In an attempt to come up with viable solutions as quickly as possible, a committee has been formed by the district that last week issued requests for proposals from any party interested in partnering on a new model.  Another committee has been established to determine a longer-term plan.

Already, there are two separate proposals from two of the hospital’s physicians, Dr. James Gude and Dr. Michael Bollinger, both of which seek to keep the license in operation while shifting much of the focus on outpatient surgeries and urgent care. Dr. Bollinger's proposals aims to preserve the emergency care, while Dr. Gude has said his proposal, in conjunction with the Palm Drive Health Care Foundation, would convert the facility to urgent care.

Both physicians said they fear the hospital will never reopen, in any capacity, if the license lapses since doctors, nurses and other staff will likely not return.

Despite those last-minute proposals, California state law is clear that no hospital can operate a free-standing emergency room, Mr. Harlan said. Acute inpatient care and outpatient services are all tied to the same license, he added, meaning all operations essentially need to cease by the end of this month.

“Those are two (proposals) that we’re aware of and there may be others,” Mr. Harlan said, noting that they certainly deserve merit. However, “there are license issues.” A general acute-care license “covers all inpatient and outpatient hospitals. So when we talk about suspending that license, what we’re talking about, unfortunately, is everything,” he said. “To carve things out of that is very difficult when you suspend a license."

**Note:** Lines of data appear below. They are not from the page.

(* Suppose (A1) and (A2) hold, and fix $\tau>0$. (a) For all $x,y\in X$: $\lim_{r\downarrow1}(r-1)\int_0^{2\pi}\|R(re^{i\theta},T(\tau))x\|^2d\theta=0$ and $\lim_{r\downarrow1}(r-1)\int_0^{2\pi}\|R(re^{i\theta},T(\tau)^* )y\|^2d\theta=0$. (b) Let $0<\delta\le\alpha/2$. For all $x\in\mathcal D^\delta$ and $y\in\mathcal D^\delta_*$: $\lim_{r\downarrow1}\Lambda_{\delta/\alpha}(r)\int_0^{2\pi}\|R(re^{i\theta},T(\tau))x\|^2d\theta=0$ and $\lim_{r\downarrow1}\Lambda_{\delta/\alpha}(r)\int_0^{2\pi}\|R(re^{i\theta},T(\tau)^* )y\|^2d\theta=0$.
   Context: $X$ is a complex Hilbert space; $A$ is a Riesz-spectral operator (simple distinct eigenvalues $(\lambda_n)$ with finitely many accumulation points, Riesz basis of eigenvectors $(\phi_n)$, biorthogonal eigenvectors $(\psi_n)$ of $A^*$), generating $T(t)x=\sum_ne^{t\lambda_n}\langle x,\psi_n\rangle\phi_n$. $\mathcal D^{\delta}=\{x:\sum_n|\lambda_n|^{2\delta}|\langle x,\psi_n\rangle|^2<\infty\}$, $\mathcal D^{\delta}_*=\{x:\sum_n|\lambda_n|^{2\delta}|\langle x,\phi_n\rangle|^2<\infty\}$. (A1): there exist $\omega,\alpha,\Upsilon>0$ such that only finitely many $\lambda_n$ lie in $\{\mathrm{Re}\,\lambda>-\omega\}\cap(\mathbb C\setminus\Omega_{\alpha,\Upsilon})$, where $\Omega_{\alpha,\Upsilon}=\{\lambda\in\mathbb C\setminus\mathbb R:\mathrm{Re}\,\lambda\le-\Upsilon/|\mathrm{Im}\,\lambda|^\alpha\}$; (A2): no $\lambda_n$ lies on $i\mathbb R$. For $0<s\le1/2$ and $r>1$: $\Lambda_s(r)=(r-1)^{1-2s}$ if $s<1/2$ and $\Lambda_{1/2}(r)=|\log(r-1)|^{-1}$. (Under (A1),(A2), $re^{i\theta}\in\rho(T(\tau))$ for $r>1$ close to 1.) *)

theory Defs
  imports "HOL-Analysis.Analysis"
begin

text \<open>HOL-Analysis only provides real inner product
spaces, so we introduce a type class: a real Banach space carrying a compatible
complex scalar multiplication and a complex inner product (linear in the first
argument, conjugate symmetric) inducing the norm.\<close>

class chilbert = real_normed_vector + complete_space +
  fixes scaleC :: "complex \<Rightarrow> 'a \<Rightarrow> 'a"
    and cinner :: "'a \<Rightarrow> 'a \<Rightarrow> complex"
  assumes scaleC_add_right: "scaleC a (x + y) = scaleC a x + scaleC a y"
    and scaleC_add_left: "scaleC (a + b) x = scaleC a x + scaleC b x"
    and scaleC_scaleC: "scaleC a (scaleC b x) = scaleC (a * b) x"
    and scaleC_one: "scaleC 1 x = x"
    and scaleR_scaleC: "scaleR r x = scaleC (complex_of_real r) x"
    and cinner_commute: "cinner x y = cnj (cinner y x)"
    and cinner_add_left: "cinner (x + y) z = cinner x z + cinner y z"
    and cinner_scaleC_left: "cinner (scaleC a x) y = a * cinner x y"
    and cinner_self: "cinner x x = complex_of_real ((norm x)\<^sup>2)"

definition riesz_basis :: "(nat \<Rightarrow> 'a::chilbert) \<Rightarrow> bool" where
  "riesz_basis \<phi> \<longleftrightarrow>
     closure {(\<Sum>n\<in>F. scaleC (c n) (\<phi> n)) | F c. finite F} = UNIV \<and>
     (\<exists>m M. 0 < m \<and> 0 < M \<and>
        (\<forall>N (c :: nat \<Rightarrow> complex).
           m * (\<Sum>n<N. (cmod (c n))\<^sup>2) \<le> (norm (\<Sum>n<N. scaleC (c n) (\<phi> n)))\<^sup>2 \<and>
           (norm (\<Sum>n<N. scaleC (c n) (\<phi> n)))\<^sup>2 \<le> M * (\<Sum>n<N. (cmod (c n))\<^sup>2)))"

definition biorthogonal :: "(nat \<Rightarrow> 'a::chilbert) \<Rightarrow> (nat \<Rightarrow> 'a) \<Rightarrow> bool" where
  "biorthogonal \<phi> \<psi> \<longleftrightarrow> (\<forall>n k. cinner (\<phi> n) (\<psi> k) = (if n = k then 1 else 0))"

Mr. Harlan, while hopeful that a viable plan will emerge, said that any new model won’t happen overnight, or even over a month, as Palm Drive grapples with bond holders and annual operating losses of more than $6 million.  It also owes vendors another $6 million, according to the Chapter 9 filing.

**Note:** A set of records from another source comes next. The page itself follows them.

(* Let $\xi_m>0$, $0\le\mu\le\xi_m$, and for $\Delta\ge0$, $T>0$ define $$f(\mu,\Delta,T)=2T\ln\frac{\cosh(\sqrt{\xi_m^2+\Delta^2}/2T)}{\cosh(\sqrt{\mu^2+\Delta^2}/2T)}+\mu\int_0^{\mu}\tanh\Big(\frac{\sqrt{\xi^2+\Delta^2}}{2T}\Big)\frac{d\xi}{\sqrt{\xi^2+\Delta^2}}$$ (with the integrand at $\Delta=0$ read as $\tanh(\xi/2T)/\xi$). Then for $\Delta>0$, $T>0$ and $\mu\in(0,\xi_m)$: $\partial f/\partial\mu>0$, $\partial f/\partial\Delta<0$, $\partial f/\partial T<0$. Moreover $\lim_{T\to\infty}f(\mu,\Delta,T)=0$ and $\lim_{\Delta\to\infty}f(\mu,\Delta,T)=0$ for fixed $T>0$. *)

theory Defs
  imports "HOL-Analysis.Analysis"
begin

text \<open>The function f(mu, Delta, T) for cutoff xi_m. The integrand at Delta = 0
 is tanh(xi/2T)/xi; the value at the single point xi = 0 is irrelevant to the integral.\<close>
definition fgap :: "real \<Rightarrow> real \<Rightarrow> real \<Rightarrow> real \<Rightarrow> real" where
  "fgap \<xi>m \<mu> \<Delta> T =
     2 * T * ln (cosh (sqrt (\<xi>m\<^sup>2 + \<Delta>\<^sup>2) / (2 * T)) / cosh (sqrt (\<mu>\<^sup>2 + \<Delta>\<^sup>2) / (2 * T)))
     + \<mu> * integral {0..\<mu>} (\<lambda>\<xi>. tanh (sqrt (\<xi>\<^sup>2 + \<Delta>\<^sup>2) / (2 * T)) / sqrt (\<xi>\<^sup>2 + \<Delta>\<^sup>2))"

end

theory Submission
  imports Defs
begin

text \<open>
  Write \<open>E(\<xi>) = sqrt (\<xi>\<^sup>2 + \<Delta>\<^sup>2)\<close> and \<open>K(\<xi>) = tanh (E(\<xi>) / 2T) / E(\<xi>)\<close>, so that
  \<open>f = 2T (ln cosh (E(\<xi>m) / 2T) - ln cosh (E(\<mu>) / 2T)) + \<mu> \<integral>\<^sub>0\<^sup>\<mu> K\<close>.
  In the \<open>\<mu>\<close>-derivative the boundary term \<open>\<mu> K(\<mu>)\<close> cancels the derivative of the logarithm,
  leaving \<open>\<integral>\<^sub>0\<^sup>\<mu> K > 0\<close>. The \<open>\<Delta>\<close>- and \<open>T\<close>-derivatives are obtained by differentiating
  under the integral sign, and every sign reduces to the one-variable inequality
  \<open>y (1 - tanh\<^sup>2 y) < tanh y\<close> for \<open>y > 0\<close>: it makes \<open>tanh y / y\<close> and \<open>ln cosh y - y tanh y\<close>
  strictly decreasing. For the limits, \<open>ln cosh\<close> is 1-Lipschitz and at most \<open>y\<^sup>2\<close> on \<open>y \<ge> 0\<close>,
  while \<open>K \<le> min (1 / 2T) (1 / \<Delta>)\<close>; this bounds \<open>|f|\<close> by \<open>O(1/T)\<close> and by \<open>O(1/\<Delta>)\<close>.
\<close>

lemma x_less_sinh_mult_cosh:
  fixes x :: real
  assumes "0 < x"
  shows "x < sinh x * cosh x"
proof -
  have "(\<lambda>t. sinh t * cosh t - t) 0 < (\<lambda>t. sinh t * cosh t - t) x"
  proof (rule DERIV_pos_imp_increasing_open[OF assms])
    fix t :: real
    assume "0 < t" "t < x"
    have "((\<lambda>t. sinh t * cosh t - t) has_real_derivative 2 * sinh t ^ 2) (at t)"
      by (rule derivative_eq_intros refl)+ (use cosh_square_eq[of t] in \<open>simp add: power2_eq_square\<close>)
    then show "\<exists>y. ((\<lambda>t. sinh t * cosh t - t) has_real_derivative y) (at t) \<and> y > 0"
      using \<open>0 < t\<close> by fastforce
  qed (intro continuous_intros)
  then show ?thesis by simp
qed

lemma one_minus_tanh_sq_eq: "1 - tanh (x::real) ^ 2 = 1 / cosh x ^ 2"
proof -
  have "1 - tanh x ^ 2 = (cosh x ^ 2 - sinh x ^ 2) / cosh x ^ 2"
    by (simp add: tanh_def power_divide field_simps)
  then show ?thesis using cosh_square_eq[of x] by simp
qed

lemma one_minus_tanh_sq_pos: "0 < 1 - tanh (x::real) ^ 2"
  by (simp add: one_minus_tanh_sq_eq)

lemma mult_one_minus_tanh_sq_less_tanh:
  fixes x :: real
  assumes "0 < x"
  shows "x * (1 - tanh x ^ 2) < tanh x"
proof -
  have "x / cosh x ^ 2 < sinh x / cosh x"
    using x_less_sinh_mult_cosh[OF assms] by (simp add: field_simps power2_eq_square)
  then show ?thesis unfolding one_minus_tanh_sq_eq by (simp add: tanh_def)
qed

lemma tanh_div_strict_antimono:
  fixes x y :: real
  assumes "0 < x" "x < y"
  shows "tanh y / y < tanh x / x"
proof (rule DERIV_neg_imp_decreasing_open[OF assms(2)])
  fix t assume "x < t" "t < y"
  with assms have "0 < t" by simp
  have "((\<lambda>t. tanh t / t) has_real_derivative (t * (1 - tanh t ^ 2) - tanh t) / t\<^sup>2) (at t)"
    using \<open>0 < t\<close> by (auto intro!: derivative_eq_intros simp: power2_eq_square)
  moreover have "(t * (1 - tanh t ^ 2) - tanh t) / t\<^sup>2 < 0"
    using mult_one_minus_tanh_sq_less_tanh[OF \<open>0 < t\<close>] \<open>0 < t\<close> by (simp add: divide_neg_pos)
  ultimately show "\<exists>D. ((\<lambda>t. tanh t / t) has_real_derivative D) (at t) \<and> D < 0" by blast
qed (use assms in \<open>intro continuous_intros; auto\<close>)

lemma ln_cosh_minus_mult_tanh_strict_antimono:
  fixes x y :: real
  assumes "0 \<le> x" "x < y"
  shows "ln (cosh y) - y * tanh y < ln (cosh x) - x * tanh x"
proof (rule DERIV_neg_imp_decreasing_open[OF assms(2)])
  fix t assume "x < t" "t < y"
  with assms have "0 < t" by simp
  have "((\<lambda>t. ln (cosh t) - t * tanh t) has_real_derivative - t * (1 - tanh t ^ 2)) (at t)"
    by (rule derivative_eq_intros refl | simp)+ (simp add: tanh_def field_simps)
  moreover have "- t * (1 - tanh t ^ 2) < 0"
    using \<open>0 < t\<close> one_minus_tanh_sq_pos[of t] by simp
  ultimately show "\<exists>D. ((\<lambda>t. ln (cosh t) - t * tanh t) has_real_derivative D) (at t) \<and> D < 0"
    by blast
qed (intro continuous_intros; auto)

lemma tanh_le_self:
  fixes x :: real
  assumes "0 \<le> x"
  shows "tanh x \<le> x"
proof -
  have "(\<lambda>t. t - tanh t) 0 \<le> (\<lambda>t. t - tanh t) x"
  proof (rule DERIV_nonneg_imp_increasing_open[OF assms])
    fix t :: real
    have "((\<lambda>t. t - tanh t) has_real_derivative tanh t ^ 2) (at t)"
      by (auto intro!: derivative_eq_intros)
    then show "\<exists>y. ((\<lambda>t. t - tanh t) has_real_derivative y) (at t) \<and> y \<ge> 0" by fastforce
  qed (intro continuous_intros; auto)
  then show ?thesis by simp
qed

lemma ln_cosh_le_sq:
  fixes x :: real
  assumes "0 \<le> x"
  shows "ln (cosh x) \<le> x\<^sup>2"
proof -
  have "ln (cosh x) \<le> x * tanh x"
    using ln_cosh_minus_mult_tanh_strict_antimono[of 0 x] assms by (cases "x = 0") auto
  also have "\<dots> \<le> x * x"
    using assms by (intro mult_left_mono tanh_le_self)
  finally show ?thesis by (simp add: power2_eq_square)
qed

lemma ln_cosh_mono:
  fixes x y :: real
  assumes "0 \<le> y" "y \<le> x"
  shows "ln (cosh y) \<le> ln (cosh x)"
proof (rule DERIV_nonneg_imp_increasing_open[OF assms(2)])
  fix t assume "y < t" "t < x"
  with assms have "0 < t" by simp
  have "((\<lambda>t. ln (cosh t)) has_real_derivative tanh t) (at t)"
    by (auto intro!: derivative_eq_intros simp: tanh_def)
  then show "\<exists>D. ((\<lambda>t. ln (cosh t)) has_real_derivative D) (at t) \<and> D \<ge> 0"
    using \<open>0 < t\<close> by fastforce
qed (intro continuous_intros; auto)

“Unfortunately, the answers to those questions are changing by the hour,” he said. “This is a very dynamic situation."

Major creditors include Utah-based Innovasis, a developer of spine implant devices that is owed more than $1.6 million; San Francisco-based McKesson Technologies, which is owed just shy of $1 million; and PG&E, which is owed about $334,000.

In 2010, three years after filing for Chapter 9 and posting operating losses of close to $7 million per year, the hospital reemerged from bankruptcy after the sale of $11 million in bonds. Those funds have since been depleted and much is owed to bond holders.  Bonds currently stand at 7 percent on 15-year notes of $4.3 million and 7.5 percent on 25-year bonds of $6.7 million, stemming from the previous bankruptcy filing in 2007.

As it emerged from bankruptcy then, the hospital sought long-term stability by aligning itself with Marin General and Sonoma Valley hospitals -- an effort that was effective in keeping costs down and offering new services. But it simply was not enough to offset the declining patient census, Mr. Dawson said, the consensus being universal among its partners at Marin General and consultants working with the district.

According to a recent report from health care consultant Alvarez & Marsal, in mid-March the hospital -- licensed for 37 beds but staffed for only 12 -- had just $17,000 in cash on hand after payroll of about $500,000 through April.

“It really is a wonderful place, the safety scores from Consumer Reports shows that,” Mr. Dawson said. “It’s also financially unsustainable.”

Business Journal Staff Reporter Eric Gneckow contributed to this report.